When reading Brian M. Ingrassia’s book The Rise of Gridiron University: Higher Education’s Uneasy Alliance with Big-Time Football, I was struck at the amount of detail presented on the early origins of football. I thought it was interesting how the author presents the adoption of football in its early days in the late nineteenth century as not a sure-fire thing due to concerns over its brutality and commercialism. For example, he points out how figures such as David Starr Jordan were influential in getting Californian colleges to adopt New Zealand style rugby instead of American football due to complaints about football’s immorality. I thought it was useful to include the philosophical debates that occurred in America during the nineteenth century surrounding sports with old-fashioned Whig educators despising sports, decrying them as “animalistic”, contrasted with the more progressive view at the time that exercise through sports curbed moral impurity. In the novel, I felt the overarching theme was the dichotomy of universities becoming ever more academically isolated from the American public through their research practices, while at the same time, becoming greater staples in American culture through their adoption of football and other public spectator sports. This dichotomy however, also brought challenges to the universities such as illicit gambling and football becoming a greater fixture and expenditure of university resources.

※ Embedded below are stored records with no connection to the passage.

(* For every $\rho \in \mathcal{S}$ and $\sigma \in \mathcal{P}$, $D^{\mathbb{P}}(\rho\|\sigma) = D^{\mathbb{M}}(\rho\|\sigma)$.
   Context: Work on a $d$-dimensional complex Hilbert space. $\mathcal{P}$ denotes the positive semidefinite operators, $\mathcal{S}$ the density operators; $\log$ is the natural logarithm. For a probability measure $P$ and a positive measure $Q$ on a finite set $\mathcal{X}$, the Kullback–Leibler divergence is $D(P\|Q)=\sum_x P(x)\log\frac{P(x)}{Q(x)}$ (terms with $P(x)=0$ are $0$), and $D(P\|Q)=+\infty$ if $P$ is not absolutely continuous w.r.t. $Q$. A POVM on a finite set $\mathcal{X}$ is a map $M$ from $\mathcal{X}$ to positive semidefinite operators with $\sum_x M(x)=1$; it induces the measure $P_{\rho,M}(x)=\operatorname{tr}[M(x)\rho]$. The measured relative entropy is $D^{\mathbb{M}}(\rho\|\sigma):=\sup_{(\mathcal{X},M)} D(P_{\rho,M}\|P_{\sigma,M})$, supremum over all finite sets $\mathcal{X}$ and POVMs $M$ on $\mathcal{X}$. The projectively measured relative entropy is \[ D^{\mathbb{P}}(\rho\|\sigma) := \sup_{ \{ P_i \}_{i=1}^d} \sum_{i=1}^d \operatorname{tr} [P_i \rho] \log \frac{\operatorname{tr} [P_i \rho]}{\operatorname{tr} [P_i \sigma]}, \] supremum over families of $d$ mutually orthogonal rank-one projectors (same conventions for $0$ and $\infty$). *)

theory Defs
  imports "HOL-Analysis.Analysis"
begin

text \<open>Operators on a d-dimensional complex Hilbert space: d = CARD('n),
  operators are complex d x d matrices of type complex^'n^'n.\<close>

definition adjoint :: "complex^'n^'n \<Rightarrow> complex^'n^'n" where
  "adjoint A = (\<chi> i j. cnj (A $ j $ i))"

definition hermitian :: "complex^'n^'n \<Rightarrow> bool" where
  "hermitian A \<longleftrightarrow> adjoint A = A"

definition quad_form :: "complex^'n^'n \<Rightarrow> complex^'n \<Rightarrow> complex" where
  "quad_form A v = (\<Sum>i\<in>UNIV. cnj (v $ i) * (A *v v) $ i)"

definition psd :: "complex^'n^'n \<Rightarrow> bool" where
  "psd A \<longleftrightarrow> hermitian A \<and> (\<forall>v. 0 \<le> Re (quad_form A v))"

definition density_operator :: "complex^'n^'n \<Rightarrow> bool" where
  "density_operator \<rho> \<longleftrightarrow> psd \<rho> \<and> trace \<rho> = 1"

definition KL :: "'x set \<Rightarrow> ('x \<Rightarrow> real) \<Rightarrow> ('x \<Rightarrow> real) \<Rightarrow> ereal" where
  "KL X P Q =
     (if \<exists>x\<in>X. P x \<noteq> 0 \<and> Q x = 0 then \<infinity>
      else ereal (\<Sum>x\<in>X. if P x = 0 then 0 else P x * ln (P x / Q x)))"

text \<open>POVM on a finite set X (finite sets are represented, w.l.o.g., as finite
  sets of natural numbers).\<close>
definition povm :: "'x set \<Rightarrow> ('x \<Rightarrow> complex^'n^'n) \<Rightarrow> bool" where
  "povm X M \<longleftrightarrow> finite X \<and> (\<forall>x\<in>X. psd (M x)) \<and> (\<Sum>x\<in>X. M x) = mat 1"

definition meas :: "('x \<Rightarrow> complex^'n^'n) \<Rightarrow> complex^'n^'n \<Rightarrow> 'x \<Rightarrow> real" where
  "meas M \<rho> x = Re (trace (M x ** \<rho>))"

definition measured_rel_entropy :: "complex^'n^'n \<Rightarrow> complex^'n^'n \<Rightarrow> ereal" where
  "measured_rel_entropy \<rho> \<sigma> =
     (SUP XM \<in> {(X :: nat set, M). povm X M}.
        KL (fst XM) (meas (snd XM) \<rho>) (meas (snd XM) \<sigma>))"

definition rank_one_projector :: "complex^'n^'n \<Rightarrow> bool" where
  "rank_one_projector P \<longleftrightarrow> P ** P = P \<and> adjoint P = P \<and> rank P = 1"

definition orth_rank_one_family :: "('n \<Rightarrow> complex^'n^'n) \<Rightarrow> bool" where
  "orth_rank_one_family P \<longleftrightarrow>
     (\<forall>i. rank_one_projector (P i)) \<and> (\<forall>i j. i \<noteq> j \<longrightarrow> P i ** P j = 0)"

definition proj_measured_rel_entropy :: "complex^'n^'n \<Rightarrow> complex^'n^'n \<Rightarrow> ereal" where
  "proj_measured_rel_entropy \<rho> \<sigma> =
     (SUP P \<in> {P :: 'n \<Rightarrow> complex^'n^'n. orth_rank_one_family P}.
        KL UNIV (meas P \<rho>) (meas P \<sigma>))"

end

theory Submission
  imports Defs
begin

            I think that Ingrassia is focusing his work squarely in the late nineteenth and early twentieth centuries and how football transformed from a disorganized mess into a sport with a standardized ruleset. From the second chapter onward, I think he will discuss the social implications of football, its symbolism, and the process of making the sport more palatable for a mass audience. An upcoming fixture of the novel might be the battle over the creation of football into a part of the American cultural space, similar to baseball during this time. A glaring question that I have currently is that of the cultural and social dissemination of football. At a regional level, football began in New England Universities such as Harvard and Rutgers yet eventually they spread to the South and Pacific Coast with no real context towards this transformation. I also wonder when the author will discuss the subsequent growth of football and adoption by the masses of the sport from its private college originators towards the more public state universities and colleges.